Part relief for telcos but more measures needed: Analysts

New Delhi: The government's decision to grant two-year moratorium on spectrum payments to telecom companies will provide near-term cash flow relief, especially to Vodafone Idea, but the move by itself may not be enough to address leverage concerns of the troubled telcos, leading analysts said.

"We await clarity on whether this is the extent of relief that the government is willing to offer or whether there could be more measures forthcoming," Citi said in its latest report.

It said that while the deferment of spectrum auction payments for two years, that is 2020-21 and 2021-22, will offer some much-needed cash flow relief, particularly to Vodafone Idea, that "by itself may not be sufficient to address leverage concerns of the companies".

Credit Suisse in its report on Thursday said that while deferment of spectrum auction payment is in line with its expectations, "no decision on license fees reduction is clearly negative".

"On AGR, we believe the telcos are likely to approach Supreme Court for relief," it said.

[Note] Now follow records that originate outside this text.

locale buck_error_dynamics =
  fixes L C G Vs kd ki a :: real
    and x y z dx dy dz :: "real \<Rightarrow> real"
  assumes L_pos: "0 < L" and C_pos: "0 < C" and G_nonneg: "0 \<le> G" and Vs_nonzero: "Vs \<noteq> 0"
    and kd_pos: "0 < kd" and ki_pos: "0 < ki"
    and deriv_x: "\<And>t. a \<le> t \<Longrightarrow> (x has_real_derivative dx t) (at t)"
    and deriv_y: "\<And>t. a \<le> t \<Longrightarrow> (y has_real_derivative dy t) (at t)"
    and deriv_z: "\<And>t. a \<le> t \<Longrightarrow> (z has_real_derivative dz t) (at t)"
    and inductor: "\<And>t. a \<le> t \<Longrightarrow> L * dx t = Vs * z t - y t"
    and capacitor: "\<And>t. a \<le> t \<Longrightarrow> C * dy t = x t - G * y t"
    and controller: "\<And>t. a \<le> t \<Longrightarrow> kd * dz t + Vs * dx t = - ki * z t"
begin

definition lyapunov :: "real \<Rightarrow> real" where
  "lyapunov t = ki * L * (x t)\<^sup>2 / 2 + ki * C * (y t)\<^sup>2 / 2 + (kd * z t + Vs * x t)\<^sup>2 / 2"

lemma lyapunov_has_derivative:
  assumes "a \<le> t"
  shows "(lyapunov has_real_derivative - ki * G * (y t)\<^sup>2 - ki * kd * (z t)\<^sup>2) (at t)"
proof -
  have "(lyapunov has_real_derivative ki * x t * (L * dx t) + ki * y t * (C * dy t)
      + (kd * z t + Vs * x t) * (kd * dz t + Vs * dx t)) (at t)"
    unfolding lyapunov_def[abs_def] using deriv_x[OF assms] deriv_y[OF assms] deriv_z[OF assms]
    by (auto intro!: derivative_eq_intros simp: algebra_simps power2_eq_square)
  then show ?thesis
    by (simp only: inductor[OF assms] capacitor[OF assms] controller[OF assms])
      (simp add: algebra_simps power2_eq_square)
qed

lemma lyapunov_nonneg: "0 \<le> lyapunov t"
  unfolding lyapunov_def using ki_pos L_pos C_pos by simp

lemma lyapunov_nonincreasing:
  assumes "a \<le> s" and "s \<le> t"
  shows "lyapunov t \<le> lyapunov s"
proof (rule DERIV_nonpos_imp_nonincreasing[OF \<open>s \<le> t\<close>])
  fix r assume "s \<le> r"
  have "0 \<le> ki * G * (y r)\<^sup>2 + ki * kd * (z r)\<^sup>2"
    using ki_pos G_nonneg kd_pos by simp
  then show "\<exists>D. (lyapunov has_real_derivative D) (at r) \<and> D \<le> 0"
    using lyapunov_has_derivative[of r] \<open>a \<le> s\<close> \<open>s \<le> r\<close> by auto
qed

lemma lyapunov_converges: "(lyapunov \<longlongrightarrow> Inf (lyapunov ` {a..})) at_top"
  using lyapunov_nonincreasing lyapunov_nonneg
  by (intro tendsto_Inf_if_nonincreasing bdd_belowI2[where m = 0]) auto
text \<open>The surjective half of the local property: every edge into \<open>iota v\<close> lifts to an
  edge into \<open>v\<close> one level up, with the same label.\<close>

lemma lambda_graph_system_lift_edge:
  assumes lg: "lambda_graph_system L"
    and f: "f \<in> E L m" "trg L f = iota L v" and v: "v \<in> V L (Suc (Suc m))"
  shows "\<exists>e\<in>E L (Suc m). iota L (src L e) = src L f \<and> trg L e = v \<and> lab L e = lab L f"
proof -
  let ?U = "{e\<in>E L (Suc m). iota L (src L e) = src L f \<and> trg L e = v}"
  have src: "src L f \<in> V L (Suc m - 1)"
    using lg f unfolding lambda_graph_system_def by auto
  have local: "\<forall>l\<ge>1. \<forall>u\<in>V L (l - 1). \<forall>v\<in>V L (Suc l).
        \<exists>g. bij_betw g {e\<in>E L l. iota L (src L e) = u \<and> trg L e = v}
                       {e\<in>E L (l - 1). src L e = u \<and> trg L e = iota L v}
            \<and> (\<forall>e\<in>{e\<in>E L l. iota L (src L e) = u \<and> trg L e = v}. lab L (g e) = lab L e)"
    using lg unfolding lambda_graph_system_def by blast
  obtain g
    where g: "bij_betw g ?U {e\<in>E L (Suc m - 1). src L e = src L f \<and> trg L e = iota L v}"
      and g_lab: "\<forall>e\<in>?U. lab L (g e) = lab L e"
    using local[rule_format, OF _ src v] by auto
  have "f \<in> g ` ?U"
    using g f unfolding bij_betw_def by simp
  then show ?thesis using g_lab by force
qed

lemma EL_lift_edge:
  assumes lg: "lambda_graph_system L" and w: "w \<in> Omega L"
    and e: "e \<in> E L 0" "trg L e = w 1"
  shows "\<exists>u. (u, lab L e, w) \<in> EL L"
proof -
  let ?P = "\<lambda>m f. f \<in> E L m \<and> trg L f = w (Suc m) \<and> lab L f = lab L e"
  have "\<exists>e'. ?P (Suc m) e' \<and> iota L (src L e') = src L f" if "?P m f" for m f
    using lambda_graph_system_lift_edge[OF lg, of f m "w (Suc (Suc m))"] that w
    by (auto simp: Omega_def)
  then have "\<exists>F. \<forall>m. ?P m (F m) \<and> iota L (src L (F (Suc m))) = src L (F m)"
    by (intro dependent_nat_choice) (use e in auto)
  then obtain F where F: "\<And>m. ?P m (F m)" "\<And>m. iota L (src L (F (Suc m))) = src L (F m)"
    by blast
  have edges: "\<forall>l. \<forall>e\<in>E L l. src L e \<in> V L l \<and> trg L e \<in> V L (Suc l) \<and> lab L e \<in> Sig L"
    using lg unfolding lambda_graph_system_def by blast
  have "(\<lambda>m. src L (F m)) \<in> Omega L"
    using F edges unfolding Omega_def by auto
  then have "((\<lambda>m. src L (F m)), lab L e, w) \<in> EL L"
    using F edges e w unfolding EL_def by auto
  then show ?thesis by blast
qed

Goldman Sachs Equity Research estimated that with the two-year moratorium on such payments (in FY21 and FY22), Bharti Airtel and Vodafone Idea can potentially save $2 billion (about Rs 14,200 crore) and $3.3 billion (about Rs 23,400 crore), respectively, over this period, amounting to 41 per cent and 52 per cent of their respective AGR-related liability.

"While this moratorium helps near-term liquidity for telcos, especially VIL (Vodafone Idea Ltd), we do not see this improving balance sheet leverage of the company, which stood at 20x (net-debt-to-EBITDA) as of Sept 2019. For Bharti, this moratorium will help better meet any potential AGR related liability, in our view," the report said.

While the move will give Rs 42,000 crore relief to Bharti Airtel, Vodafone Idea and Reliance Jio, the government is unlikely to intervene in the Supreme Court mandated statutory payments, top sources have said.

Bharti Airtel, Vodafone Idea and other telecom operators have to pay Rs 1.4 lakh crore in outstanding statutory dues following a Supreme Court order on October 24 that sent shock waves through an industry already grappling with billions of dollars in debt and an intense tariff war to retain customers.

The top court last month upheld the government's position on including revenue from non-telecommunication businesses in calculating the annual adjusted gross revenue (AGR) of telecom companies, a share of which is paid as licence and spectrum fees to the exchequer.